Selective Scrape Pages

We add restrictions to Scrape Pages so that it runs faster and finds more relevant content. We've added a json output for downstream visualization and an example node app that reads it. github

Click scrape.html to run with defaults.

Click scrape.svg to see a download drawn with scrape.js.

pages/selective-scrape-pages

# Parameters

We accept parameters each of which has a default. Click the asset scrape.html to see a scrape run with defaults. Edit the new tab's url to override defaults.

days=10

Limit the graph to include only pages edited in the last 10 days. Default is 30 days. A fork alone doesn't count as an edit. example

site=code.fed.wiki

Start the scrape at the specified site. The default is found.ward.bay.wiki.org. The scrape discovers more when pages fork or otherwise reference new sites. example

# Download

We construct page objects within site objects as we scrape. We have a lot of latitude for what and when we record. A site may be present with no pages selected for inclusion.

{ "found.ward.bay.wiki.org": { "debt-metaphor-explained": { "date": 1571510763204, "title": "Debt Metaphor Explained", "synopsis": "While programming we ...", "links": [ "Quantifying Technical Debt" ], "sites": [ "found.ward.bay.wiki.org", "ward.bay.wiki.org" ] }, "scrape-pages": { "date": 1571252854227, "title": "Scrape Pages", "synopsis": "A good way to understand ...", "links": [ "How Scrape Works", "Search Index Download" ], "sites": [ "found.ward.bay.wiki.org" ] }, ...

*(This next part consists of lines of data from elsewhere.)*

(* Let $\mathbb{K}$ be a skew field and $n\ge 2$. Every duality of $\mathsf{PG}(n,\mathbb{K})$ which is a polar $\{2,2'\}$-kangaroo is anisotropic.
   Context: A duality $\theta$ of $\mathsf{PG}(n,\mathbb{K})$ maps points to hyperplanes and hyperplanes to points (reversing incidence); it acts on incident point–hyperplane pairs by $(p,H)\mapsto(H^\theta,p^\theta)$. For incident pairs $(p,H),(p',H')$ the polar position is $2$ or $2'$ if and only if $p\neq p'$, $H\neq H'$, and ($p\in H'$ or $p'\in H$). $\theta$ is a polar $\{2,2'\}$-kangaroo if no pair is at position $2$ or $2'$ from its image. $\theta$ is anisotropic if it maps every chamber (complete flag) to an opposite chamber. *)

theory Defs
  imports "HOL-Analysis.Finite_Cartesian_Product"
begin

text \<open>The projective space PG(n,K), K a skew field (class division_ring), is modelled
  on the left vector space K^(n+1) = 'a ^ 'n with CARD('n) = n+1. Scalars act on the left.\<close>

definition lsmult :: "'a::division_ring \<Rightarrow> 'a ^ 'n \<Rightarrow> 'a ^ 'n" where
  "lsmult c x = (\<chi> i. c * x $ i)"

definition lin_comb :: "(nat \<Rightarrow> 'a::division_ring) \<Rightarrow> ('a ^ 'n) list \<Rightarrow> 'a ^ 'n" where
  "lin_comb c vs = (\<Sum>i<length vs. lsmult (c i) (vs ! i))"

definition lin_indep :: "('a::division_ring ^ 'n) list \<Rightarrow> bool" where
  "lin_indep vs \<longleftrightarrow> (\<forall>c. lin_comb c vs = 0 \<longrightarrow> (\<forall>i<length vs. c i = 0))"

definition lspan :: "('a::division_ring ^ 'n) list \<Rightarrow> ('a ^ 'n) set" where
  "lspan vs = {lin_comb c vs | c. True}"

text \<open>A (vector) subspace of dimension k: the span of k linearly independent vectors.
  Projective points are subspaces of dimension 1, hyperplanes have dimension n = CARD('n) - 1.\<close>
definition subspace_dim :: "nat \<Rightarrow> ('a::division_ring ^ 'n) set \<Rightarrow> bool" where
  "subspace_dim k U \<longleftrightarrow> (\<exists>vs. length vs = k \<and> lin_indep vs \<and> U = lspan vs)"

text \<open>Elements of PG(n,K): subspaces of projective dimension 0..n-1, i.e. vector dimension 1..n.\<close>
definition pg_elements :: "('a::division_ring ^ 'n) set set" where
  "pg_elements = {U. \<exists>k. 1 \<le> k \<and> k < CARD('n) \<and> subspace_dim k U}"

definition is_point :: "('a::division_ring ^ 'n) set \<Rightarrow> bool" where
  "is_point U \<longleftrightarrow> subspace_dim 1 U"

definition is_hyperplane :: "('a::division_ring ^ 'n) set \<Rightarrow> bool" where
  "is_hyperplane U \<longleftrightarrow> subspace_dim (CARD('n) - 1) U"

definition duality :: "(('a::division_ring ^ 'n) set \<Rightarrow> ('a ^ 'n) set) \<Rightarrow> bool" where
  "duality \<theta> \<longleftrightarrow> bij_betw \<theta> pg_elements pg_elements
     \<and> (\<forall>U\<in>pg_elements. \<forall>W\<in>pg_elements. U \<subseteq> W \<longleftrightarrow> \<theta> W \<subseteq> \<theta> U)
     \<and> (\<forall>k U. 1 \<le> k \<and> k < CARD('n) \<and> subspace_dim k U \<longrightarrow> subspace_dim (CARD('n) - k) (\<theta> U))"

definition polar_pos_2 :: "('a::division_ring ^ 'n) set \<Rightarrow> ('a ^ 'n) set \<Rightarrow> ('a ^ 'n) set \<Rightarrow> ('a ^ 'n) set \<Rightarrow> bool" where
  "polar_pos_2 p H p' H' \<longleftrightarrow> p \<noteq> p' \<and> H \<noteq> H' \<and> (p \<subseteq> H' \<or> p' \<subseteq> H)"

definition polar_22_kangaroo :: "(('a::division_ring ^ 'n) set \<Rightarrow> ('a ^ 'n) set) \<Rightarrow> bool" where
  "polar_22_kangaroo \<theta> \<longleftrightarrow>
     (\<forall>p H. is_point p \<and> is_hyperplane H \<and> p \<subseteq> H \<longrightarrow> \<not> polar_pos_2 p H (\<theta> H) (\<theta> p))"

definition chamber :: "(nat \<Rightarrow> ('a::division_ring ^ 'n) set) \<Rightarrow> bool" where
  "chamber F \<longleftrightarrow> (\<forall>i. 1 \<le> i \<and> i < CARD('n) \<longrightarrow> subspace_dim i (F i))
     \<and> (\<forall>i. 1 \<le> i \<and> i + 1 < CARD('n) \<longrightarrow> F i \<subseteq> F (i + 1))"

definition opposite_chambers :: "(nat \<Rightarrow> ('a::division_ring ^ 'n) set) \<Rightarrow> (nat \<Rightarrow> ('a ^ 'n) set) \<Rightarrow> bool" where
  "opposite_chambers F G \<longleftrightarrow> (\<forall>i. 1 \<le> i \<and> i < CARD('n) \<longrightarrow> F i \<inter> G (CARD('n) - i) = {0})"

definition chamber_image :: "(('a::division_ring ^ 'n) set \<Rightarrow> ('a ^ 'n) set) \<Rightarrow> (nat \<Rightarrow> ('a ^ 'n) set) \<Rightarrow> (nat \<Rightarrow> ('a ^ 'n) set)" where
  "chamber_image \<theta> F = (\<lambda>i. \<theta> (F (CARD('n) - i)))"

definition anisotropic :: "(('a::division_ring ^ 'n) set \<Rightarrow> ('a ^ 'n) set) \<Rightarrow> bool" where
  "anisotropic \<theta> \<longleftrightarrow> (\<forall>F. chamber F \<longrightarrow> opposite_chambers F (chamber_image \<theta> F))"

end

theory Submission
  imports Defs
begin

text \<open>If a nonzero vector \<open>v\<close> lay in a subspace \<open>U\<close> and in \<open>U\<^sup>\<theta>\<close>, then \<open>p = \<langle>v\<rangle>\<close> would be
  an absolute point, \<open>p \<subseteq> p\<^sup>\<theta>\<close>. For an absolute point the kangaroo condition leaves only two
  possibilities for a hyperplane \<open>H\<close> through \<open>p\<close>: \<open>H\<^sup>\<theta> = p\<close> or \<open>H = p\<^sup>\<theta>\<close>. Since \<open>\<theta>\<close> is injective,
  at most two hyperplanes pass through \<open>p\<close>, whereas for \<open>n \<ge> 2\<close> there are at least three.
  Hence every element of a chamber meets its image trivially, i.e. \<open>\<theta>\<close> is anisotropic.\<close>

lemma lin_comb_nth: "lin_comb c vs $ i = (\<Sum>m<length vs. c m * vs ! m $ i)"
  by (simp add: lin_comb_def lsmult_def)

lemma zero_in_lspan: "0 \<in> lspan vs"
proof -
  have "0 = lin_comb (\<lambda>_. 0) vs" by (simp add: vec_eq_iff lin_comb_nth)
  then show ?thesis unfolding lspan_def by blast
qed

lemma lsmult_in_lspan:
  assumes "v \<in> lspan vs"
  shows "lsmult a v \<in> lspan vs"
proof -
  obtain d where d: "v = lin_comb d vs" using assms unfolding lspan_def by blast
  have "lsmult a v = lin_comb (\<lambda>m. a * d m) vs"
    by (simp add: d vec_eq_iff lin_comb_nth lsmult_def sum_distrib_left mult.assoc)
  then show ?thesis unfolding lspan_def by blast
qed

lemma lspan_singleton: "lspan [v] = range (\<lambda>c. lsmult c v)"
proof -
  have "lin_comb c [v] = lsmult (c 0) v" for c by (simp add: lin_comb_def)
  then show ?thesis unfolding lspan_def by auto
qed

lemma lspan_singleton_subset: "v \<in> lspan vs \<Longrightarrow> lspan [v] \<subseteq> lspan vs"
  using lsmult_in_lspan unfolding lspan_singleton by blast

lemma subspace_dim_zero_mem: "subspace_dim k U \<Longrightarrow> 0 \<in> U"
  using zero_in_lspan unfolding subspace_dim_def by blast

lemma subspace_dim_lspan_singleton_subset: "subspace_dim k U \<Longrightarrow> v \<in> U \<Longrightarrow> lspan [v] \<subseteq> U"
  using lspan_singleton_subset unfolding subspace_dim_def by blast

lemma is_point_lspan_singleton:
  fixes v :: "'a::division_ring ^ 'n"
  assumes "v \<noteq> 0"
  shows "is_point (lspan [v])"
proof -
  obtain a where a: "v $ a \<noteq> 0" using assms by (auto simp: vec_eq_iff)
  have "lin_indep [v]"
    unfolding lin_indep_def
  proof (intro allI impI)
    fix c i assume "lin_comb c [v] = 0" "i < length [v]"
    then have "c 0 * v $ a = 0" "i = 0" by (auto simp: vec_eq_iff lin_comb_nth)
    then show "c i = 0" using a by simp
  qed
  then show ?thesis unfolding is_point_def subspace_dim_def by (intro exI[of _ "[v]"]) simp
qed

lemma subspace_dim_in_pg_elements:
  "subspace_dim k U \<Longrightarrow> 1 \<le> k \<Longrightarrow> k < CARD('n) \<Longrightarrow> (U :: ('a::division_ring ^ 'n) set) \<in> pg_elements"
  unfolding pg_elements_def by blast

text \<open>The coefficients of a linear form act on the right, since \<open>K\<^sup>n\<^sup>+\<^sup>1\<close> is a left vector space.\<close>

definition lform :: "'a::division_ring ^ 'n \<Rightarrow> 'a ^ 'n \<Rightarrow> 'a" where
  "lform \<phi> x = (\<Sum>j\<in>UNIV. x $ j * \<phi> $ j)"

lemma lform_axis_left: "lform (axis j c) x = x $ j * c"
proof -
  have "lform (axis j c) x = (\<Sum>i\<in>UNIV. if i = j then x $ j * c else 0)"
    unfolding lform_def by (intro sum.cong) (auto simp: axis_def)
  then show ?thesis by simp
qed

lemma lform_axis_right: "lform \<phi> (axis j c) = c * \<phi> $ j"
proof -
  have "lform \<phi> (axis j c) = (\<Sum>i\<in>UNIV. if i = j then c * \<phi> $ j else 0)"
    unfolding lform_def by (intro sum.cong) (auto simp: axis_def)
  then show ?thesis by simp
qed

lemma lform_add_left: "lform (\<phi> + \<psi>) x = lform \<phi> x + lform \<psi> x"
  by (simp add: lform_def distrib_left sum.distrib)

lemma lform_diff_left: "lform (\<phi> - \<psi>) x = lform \<phi> x - lform \<psi> x"
  by (simp add: lform_def right_diff_distrib sum_subtractf)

Pages are recorded as objects with the fields shown. A slug is a lower-case hyphenated version of the title. Links will be a list of links found on the page. Forks are a list of additional sites where links may resolve in the order they should be checked.

function asSlug (title) { return title.replace(/\s/g, '-') .replace(/[^A-Za-z0-9-]/g, '') .toLowerCase() }

We now properly punctuate and download the scrape results as a json file once the scrape has completed. The file name is generated from scrap parameters.

`scrape-${site}-${days}.json`

# Example

We've created as an example a node application, scrape.js, that can read a download file and render it as svg using graphviz dot notation. We connect sites with two different kinds of lines. enlarge

A solid line means a link followed by a click.

A dashed line means a twin forked from another site.

# Modifications

An advantage of this scrape over other approaches is that the code is run locally and easily modified to collect additional application specific data from the pages it chooses to visit.

function do_page(site, slug, page) { var page_node = json_graph[site][slug] ...

The page object is delivered to do_page for each selected site and slug. Insert into page_node as required.

See Json Schema for page object details.